Event sequence: For the event interaction diagram, see WebSocket API.

run-task

Description: Starts a speech recognition task. Sets the model, audio format, sample rate, and other parameters.

When to send: Immediately after the WebSocket connection is established.

Response: The client can send audio only after the service returns a task-started event.

header object (Required)

Properties

action string (Required)

The command type. Fixed at run-task.

task_id string (Required)

A UUID-format task ID generated by the client. Subsequent events are correlated by this ID.
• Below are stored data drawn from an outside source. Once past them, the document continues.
definition rra_defined :: "nat \<Rightarrow> tree \<Rightarrow> tree \<Rightarrow> bool" where
  "rra_defined m t1 t2 \<longleftrightarrow> (\<exists>j. (rra_step m ^^ j) t1 t2)"

definition rra_dist :: "nat \<Rightarrow> tree \<Rightarrow> tree \<Rightarrow> nat" where
  "rra_dist m t1 t2 = (LEAST j. (rra_step m ^^ j) t1 t2)"

end

theory Submission
  imports Defs
begin

text \<open>
  Rotations preserve the inorder sequence of nodes, so a node can be tracked along a rotation
  sequence by its inorder position. A rotation at an arm node moves exactly one node onto or off
  the right arm, and a node that stays off the arm keeps its subtree. Take for \<open>T\<^sub>1\<close> a root whose left
  subtree is a right vine of \<open>n - 1\<close> nodes, and for \<open>T\<^sub>2\<close> a root whose left child has as left
  subtree a right vine of \<open>n - 2\<close> nodes. Each of the first \<open>n - 1\<close> nodes is off the arm in both
  trees but has different subtrees there, so it must enter and leave the arm, an even and positive
  number of moves. The nodes moving exactly twice are on the arm during intervals which pairwise
  overlap and are ordered by their entry times, so when the last of them enters, all the others
  lie above it on the arm; as it enters at level at most \<open>m\<close>, there are at most \<open>m + 1\<close> of them.
  Hence the distance is at least \<open>4 (n - 1) - 2 (m + 1) \<ge> 4 n - 4 m - 4\<close>.
\<close>

section \<open>Inorder positions and the right arm\<close>

text \<open>Nodes are addressed by their 0-based inorder position, which rotations preserve.\<close>

fun on_arm :: "tree \<Rightarrow> nat \<Rightarrow> bool" where
  "on_arm Leaf i = False"
| "on_arm (Node l r) i \<longleftrightarrow> i = nodes l \<or> (nodes l < i \<and> on_arm r (i - Suc (nodes l)))"

fun subtree_at :: "tree \<Rightarrow> nat \<Rightarrow> tree" where
  "subtree_at Leaf i = Leaf"
| "subtree_at (Node l r) i =
     (if i < nodes l then subtree_at l i else if i = nodes l then Node l r
      else subtree_at r (i - Suc (nodes l)))"

text \<open>For a node on the arm this is its level.\<close>

definition arm_rank :: "tree \<Rightarrow> nat \<Rightarrow> nat" where
  "arm_rank t i = card {y. y < i \<and> on_arm t y}"

lemma on_arm_Node_shift: "on_arm (Node l r) (i + Suc (nodes l)) = on_arm r i"
  by simp

lemma arm_rank_Node_left: "i \<le> nodes l \<Longrightarrow> arm_rank (Node l r) i = 0"
  unfolding arm_rank_def by auto

lemma arm_rank_Node_shift:
  "arm_rank (Node l r) (i + Suc (nodes l)) = Suc (arm_rank r i)"
proof -
  have eq: "{y. y < i + Suc (nodes l) \<and> on_arm (Node l r) y}
        = insert (nodes l) ((\<lambda>y. y + Suc (nodes l)) ` {y. y < i \<and> on_arm r y})"
    (is "?L = ?R")
  proof (intro equalityI subsetI)
    fix y assume "y \<in> ?L"
    then show "y \<in> ?R"
      by (cases "y = nodes l") (auto simp: image_iff intro!: exI[of _ "y - Suc (nodes l)"])
  qed auto
  have "card ?R = Suc (card {y. y < i \<and> on_arm r y})"
    by (subst card_insert_disjoint) (auto simp: card_image inj_on_def)
  then show ?thesis
    unfolding arm_rank_def eq .
qed

lemma subtree_at_Node_bound: "subtree_at t i = Node l r \<Longrightarrow> i + nodes r < nodes t"
  by (induction t arbitrary: i) (fastforce split: if_splits)+

lemma not_on_arm_right_descendant:
  "subtree_at t x = Node l r \<Longrightarrow> \<not> on_arm t x \<Longrightarrow> x < y \<Longrightarrow> y \<le> x + nodes r \<Longrightarrow> \<not> on_arm t y"
proof (induction t arbitrary: x y)
  case Leaf
  then show ?case by simp
next
  case (Node L R)
  show ?case
  proof (cases "x < nodes L")
    case True
    with Node.prems have "y < nodes L"
      using subtree_at_Node_bound[of L x l r] by simp
    then show ?thesis by simp
  next
    case False
    with Node.prems have "nodes L < x" by (auto split: if_splits)
    then show ?thesis
      using Node.prems Node.IH(2)[of "x - Suc (nodes L)" "y - Suc (nodes L)"] by auto
  qed
qed

section \<open>Rotations at right-arm nodes\<close>

text \<open>
  In the tree
  where the moving node \<open>c\<close> is off the arm, \<open>c + nodes r + 1\<close> is its parent, an arm node.
\<close>

definition arm_move :: "nat \<Rightarrow> tree \<Rightarrow> tree \<Rightarrow> bool" where
  "arm_move k t t' \<longleftrightarrow> nodes t' = nodes t \<and>
     (\<exists>c<nodes t. (\<forall>i. on_arm t i \<noteq> on_arm t' i \<longleftrightarrow> i = c)
        \<and> arm_rank t c \<le> k \<and> arm_rank t' c \<le> k
        \<and> (\<forall>u\<in>{t, t'}. \<forall>l r. \<not> on_arm u c \<longrightarrow> subtree_at u c = Node l r
              \<longrightarrow> on_arm u (c + nodes r + 1)))
   \<and> (\<forall>i. \<not> on_arm t i \<longrightarrow> \<not> on_arm t' i \<longrightarrow> subtree_at t' i = subtree_at t i)"

lemma arm_move_sym: "arm_move k t t' \<Longrightarrow> arm_move k t' t"
proof -
  assume "arm_move k t t'"
  then obtain c where "c < nodes t" "nodes t' = nodes t"
    "\<forall>i. on_arm t i \<noteq> on_arm t' i \<longleftrightarrow> i = c" "arm_rank t c \<le> k" "arm_rank t' c \<le> k"
    "\<forall>u\<in>{t, t'}. \<forall>l r. \<not> on_arm u c \<longrightarrow> subtree_at u c = Node l r \<longrightarrow> on_arm u (c + nodes r + 1)"
    "\<forall>i. \<not> on_arm t i \<longrightarrow> \<not> on_arm t' i \<longrightarrow> subtree_at t' i = subtree_at t i"
    unfolding arm_move_def by blast
  then show ?thesis
    unfolding arm_move_def by (intro conjI exI[of _ c]) auto
qed

lemma arm_move_mono: "arm_move k t t' \<Longrightarrow> k \<le> k' \<Longrightarrow> arm_move k' t t'"
  unfolding arm_move_def by (meson order_trans)

lemma arm_move_rot_right: "rot_right t = Some t' \<Longrightarrow> arm_move 0 t t'"
proof -
  assume "rot_right t = Some t'"
  then obtain A B C where t: "t = Node (Node A B) C" and t': "t' = Node A (Node B C)"
    by (cases t rule: rot_right.cases) auto
  have moved: "\<exists>c<nodes t. (\<forall>i. on_arm t i \<noteq> on_arm t' i \<longleftrightarrow> i = c)
        \<and> arm_rank t c \<le> 0 \<and> arm_rank t' c \<le> 0
        \<and> (\<forall>u\<in>{t, t'}. \<forall>l r. \<not> on_arm u c \<longrightarrow> subtree_at u c = Node l r
              \<longrightarrow> on_arm u (c + nodes r + 1))"
    unfolding t t' by (intro exI[of _ "nodes A"]) (auto simp: arm_rank_Node_left)
  have "subtree_at t' i = subtree_at t i" if "\<not> on_arm t i" "\<not> on_arm t' i" for i
  proof -
    consider "i < nodes A" | "i = nodes A" | "nodes A < i" "i < nodes A + Suc (nodes B)"
      | "i = nodes A + Suc (nodes B)" | "nodes A + Suc (nodes B) < i"
      by linarith
    then show ?thesis
      using that unfolding t t' by cases (auto simp: Suc_diff_Suc)
  qed
  with moved show ?thesis
    unfolding arm_move_def t t' by auto
qed

lemma rot_left_iff_rot_right: "rot_left t' = Some t \<longleftrightarrow> rot_right t = Some t'"
  by (cases t rule: rot_right.cases; cases t' rule: rot_left.cases) auto

lemma arm_move_rot_left: "rot_left t = Some t' \<Longrightarrow> arm_move 0 t t'"
  by (metis arm_move_rot_right arm_move_sym rot_left_iff_rot_right)

lemma arm_move_Node: "arm_move k r r' \<Longrightarrow> arm_move (Suc k) (Node l r) (Node l r')"
proof -
  assume "arm_move k r r'"
  then obtain c where c: "c < nodes r" "nodes r' = nodes r"
    "\<forall>i. on_arm r i \<noteq> on_arm r' i \<longleftrightarrow> i = c" "arm_rank r c \<le> k" "arm_rank r' c \<le> k"
    and parent: "\<forall>u\<in>{r, r'}. \<forall>la ra. \<not> on_arm u c \<longrightarrow> subtree_at u c = Node la ra
                    \<longrightarrow> on_arm u (c + nodes ra + 1)"
    and frozen: "\<forall>i. \<not> on_arm r i \<longrightarrow> \<not> on_arm r' i \<longrightarrow> subtree_at r' i = subtree_at r i"
    unfolding arm_move_def by blast
  define c' where "c' = c + Suc (nodes l)"
  have "on_arm (Node l r) i \<noteq> on_arm (Node l r') i \<longleftrightarrow> i = c'" for i
    using c(3)[rule_format, of "i - Suc (nodes l)"] unfolding c'_def by auto
  moreover have "\<forall>u\<in>{Node l r, Node l r'}. \<forall>la ra. \<not> on_arm u c' \<longrightarrow>
      subtree_at u c' = Node la ra \<longrightarrow> on_arm u (c' + nodes ra + 1)"
  proof (intro ballI allI impI)
    fix u la ra
    assume "u \<in> {Node l r, Node l r'}" "\<not> on_arm u c'" "subtree_at u c' = Node la ra"
    then obtain v where v: "u = Node l v" "v \<in> {r, r'}" "\<not> on_arm v c" "subtree_at v c = Node la ra"
      unfolding c'_def by auto
    have "c' + nodes ra + 1 = (c + nodes ra + 1) + Suc (nodes l)"
      unfolding c'_def by simp
    then show "on_arm u (c' + nodes ra + 1)"
      using parent v by (simp only: on_arm_Node_shift) blast
  qed
  moreover have "subtree_at (Node l r') i = subtree_at (Node l r) i"
    if "\<not> on_arm (Node l r) i" "\<not> on_arm (Node l r') i" for i
    using that frozen by auto
  moreover have "c' < nodes (Node l r)" "arm_rank (Node l r) c' \<le> Suc k"
    "arm_rank (Node l r') c' \<le> Suc k"
    using c unfolding c'_def by (simp_all only: arm_rank_Node_shift) simp_all
  ultimately show ?thesis
    using c(2) unfolding arm_move_def by auto
qed

lemma arm_move_at_arm:
  assumes "at_arm k f t = Some t'" and "f = rot_right \<or> f = rot_left"
  shows "arm_move k t t'"
  using assms(1)
proof (induction k arbitrary: t t')
  case 0
  then show ?case using assms(2) arm_move_rot_right arm_move_rot_left by auto
next
  case (Suc k)
  then obtain l r r' where "t = Node l r" "at_arm k f r = Some r'" "t' = Node l r'"
    by (cases t) auto
  then show ?case using Suc.IH arm_move_Node by blast
qed

lemma rra_step_arm_move: "rra_step m t t' \<Longrightarrow> arm_move m t t'"
  unfolding rra_step_def using arm_move_at_arm arm_move_mono by blast

section \<open>Connectivity\<close>

fun vine :: "nat \<Rightarrow> tree" where
  "vine 0 = Leaf"
| "vine (Suc k) = Node Leaf (vine k)"

lemma nodes_vine [simp]: "nodes (vine k) = k"
  by (induction k) auto

lemma at_arm_rot_left_iff_rot_right:
  "at_arm k rot_left t' = Some t \<longleftrightarrow> at_arm k rot_right t = Some t'"
proof (induction k arbitrary: t t')
  case 0
  then show ?case by (simp add: rot_left_iff_rot_right)
next
  case (Suc k)
  then show ?case by (cases t; cases t') auto
qed

lemma rra_step_sym: "rra_step m t t' \<Longrightarrow> rra_step m t' t"
  unfolding rra_step_def using at_arm_rot_left_iff_rot_right by blast

lemma rra_step_mono: "m \<le> m' \<Longrightarrow> rra_step m \<le> rra_step m'"
  unfolding rra_step_def by (auto intro: order_trans)

text \<open>Conjugating with a root rotation lowers the level of the rotated node by one.\<close>

lemma at_arm_rotation_rra_step_1:
  assumes "f = rot_right \<or> f = rot_left"
  shows "at_arm k f t = Some t' \<Longrightarrow> (rra_step 1)\<^sup>*\<^sup>* t t'"
proof (induction k arbitrary: t t')
  case 0
  then have "rra_step 1 t t'"
    using assms unfolding rra_step_def by auto
  then show ?case by simp
next
  case (Suc k)
  show ?case
  proof (cases k)
    case 0
    then have "rra_step 1 t t'"
      using assms Suc.prems unfolding rra_step_def by (intro exI[of _ 1]) auto
    then show ?thesis by simp
  next
    case (Suc k')
    with Suc.prems obtain l0 r r' where "t = Node l0 r" "t' = Node l0 r'"
      and "at_arm (Suc k') f r = Some r'"
      by (cases t) auto
    then obtain l1 r1 r1' where t: "t = Node l0 (Node l1 r1)"
      and t': "t' = Node l0 (Node l1 r1')" and r1: "at_arm k' f r1 = Some r1'"
      by (cases r) auto
    let ?u = "Node (Node l0 l1) r1" and ?u' = "Node (Node l0 l1) r1'"
    have "rra_step 1 t ?u" and "rra_step 1 ?u' t'"
      unfolding rra_step_def t t' by (auto intro!: exI[of _ 0])
    moreover have "(rra_step 1)\<^sup>*\<^sup>* ?u ?u'"
      using Suc.IH r1 \<open>k = Suc k'\<close> by simp
    ultimately show ?thesis
      by (meson converse_rtranclp_into_rtranclp rtranclp.rtrancl_into_rtrancl)
  qed
qed

lemma rra_step_1_Node: "(rra_step 1)\<^sup>*\<^sup>* r r' \<Longrightarrow> (rra_step 1)\<^sup>*\<^sup>* (Node l r) (Node l r')"
proof (induction rule: rtranclp_induct)
  case (step r' r'')
  then obtain k f where "f = rot_right \<or> f = rot_left" "at_arm k f r' = Some r''"
    unfolding rra_step_def by blast
  then have "(rra_step 1)\<^sup>*\<^sup>* (Node l r') (Node l r'')"
    using at_arm_rotation_rra_step_1[of f "Suc k"] by simp
  with step.IH show ?case by simp
qed simp

lemma rra_step_1_Node_vine: "(rra_step 1)\<^sup>*\<^sup>* (Node l (vine j)) (vine (nodes l + j + 1))"
proof (induction l arbitrary: j)
  case (Node A B)
  have "rra_step 1 (Node (Node A B) (vine j)) (Node A (Node B (vine j)))"
    unfolding rra_step_def by (intro exI[of _ 0]) simp
  moreover have "(rra_step 1)\<^sup>*\<^sup>* (Node A (Node B (vine j))) (Node A (vine (nodes B + j + 1)))"
    using rra_step_1_Node Node.IH(2) by blast
  moreover have "(rra_step 1)\<^sup>*\<^sup>* (Node A (vine (nodes B + j + 1))) (vine (nodes (Node A B) + j + 1))"
    using Node.IH(1)[of "nodes B + j + 1"] by (simp add: algebra_simps)
  ultimately show ?case
    by (meson converse_rtranclp_into_rtranclp rtranclp_trans)
qed simp

lemma rra_step_1_to_vine: "(rra_step 1)\<^sup>*\<^sup>* t (vine (nodes t))"
proof (induction t)
  case (Node l r)
  then have "(rra_step 1)\<^sup>*\<^sup>* (Node l r) (Node l (vine (nodes r)))"
    using rra_step_1_Node by blast
  with rra_step_1_Node_vine show ?case
    by (metis nodes.simps(2) Suc_eq_plus1 rtranclp_trans)
qed simp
streaming string (Required)

Fixed at duplex.

Basic request

{
    "header": {
        "action": "run-task",
        "task_id": "2bf83b9a-baeb-4fda-8d9a-xxxxxxxxxxxx",
        "streaming": "duplex"
    },
    "payload": {
        "task_group": "audio",
        "task": "asr",
        "function": "recognition",
        "model": "fun-asr-realtime",
        "parameters": {
            "format": "pcm",
            "sample_rate": 16000
        },
        "input": {}
    }
}

With context

{
    "header": {
        "action": "run-task",
        "task_id": "2bf83b9a-baeb-4fda-8d9a-xxxxxxxxxxxx",
        "streaming": "duplex"
    },
    "payload": {
        "task_group": "audio",
        "task": "asr",
        "function": "recognition",
        "model": "fun-asr-realtime",
        "parameters": {
            "format": "pcm",
            "sample_rate": 16000
        },
        "input": {
            "context": [
                {
                    "role": "user",
                    "content": [
                        {
                            "type": "input_text",
                            "text": "你好啊"
                        }
                    ]
                },
                {
                    "role": "assistant",
                    "content": [
                        {
                            "type": "text",
                            "text": "你好啊，我是通义千问，有什么可以帮助你的？"
                        }
                    ]
                }
            ]
        }
    }
}

payload object (Required)

Properties

task_group string (Required)

The task group. Fixed at audio.

task string (Required)

The task type. Fixed at asr.

function string (Required)

The function type. Fixed at recognition.

model string (Required)

The supported model name.

input object (Required)

The input object. Pass {} when no context is provided.

Important

Only the fun-asr-realtime and fun-asr-realtime-2025-11-07 models support the context parameter.

Properties

context array(object) (Optional)

Conversation context used to improve recognition accuracy for domain-specific vocabulary. For usage details, see Quick start.

Important

Constraints: A maximum of 5 context messages of each type (input_text and text). When exceeded, only the most recent 5 are retained. The total text length per turn (sum of user and assistant text fields) must not exceed 400 characters. Excess content is truncated from the end.

Important

When providing context, the messages in the context array must be ordered by conversation turn. Within each turn, the user message (input_text type) must precede the corresponding assistant message (text type).

Properties

role string (Required)

The message role. Valid values:

user: The speech recognition results from previous turns or domain-specific vocabulary.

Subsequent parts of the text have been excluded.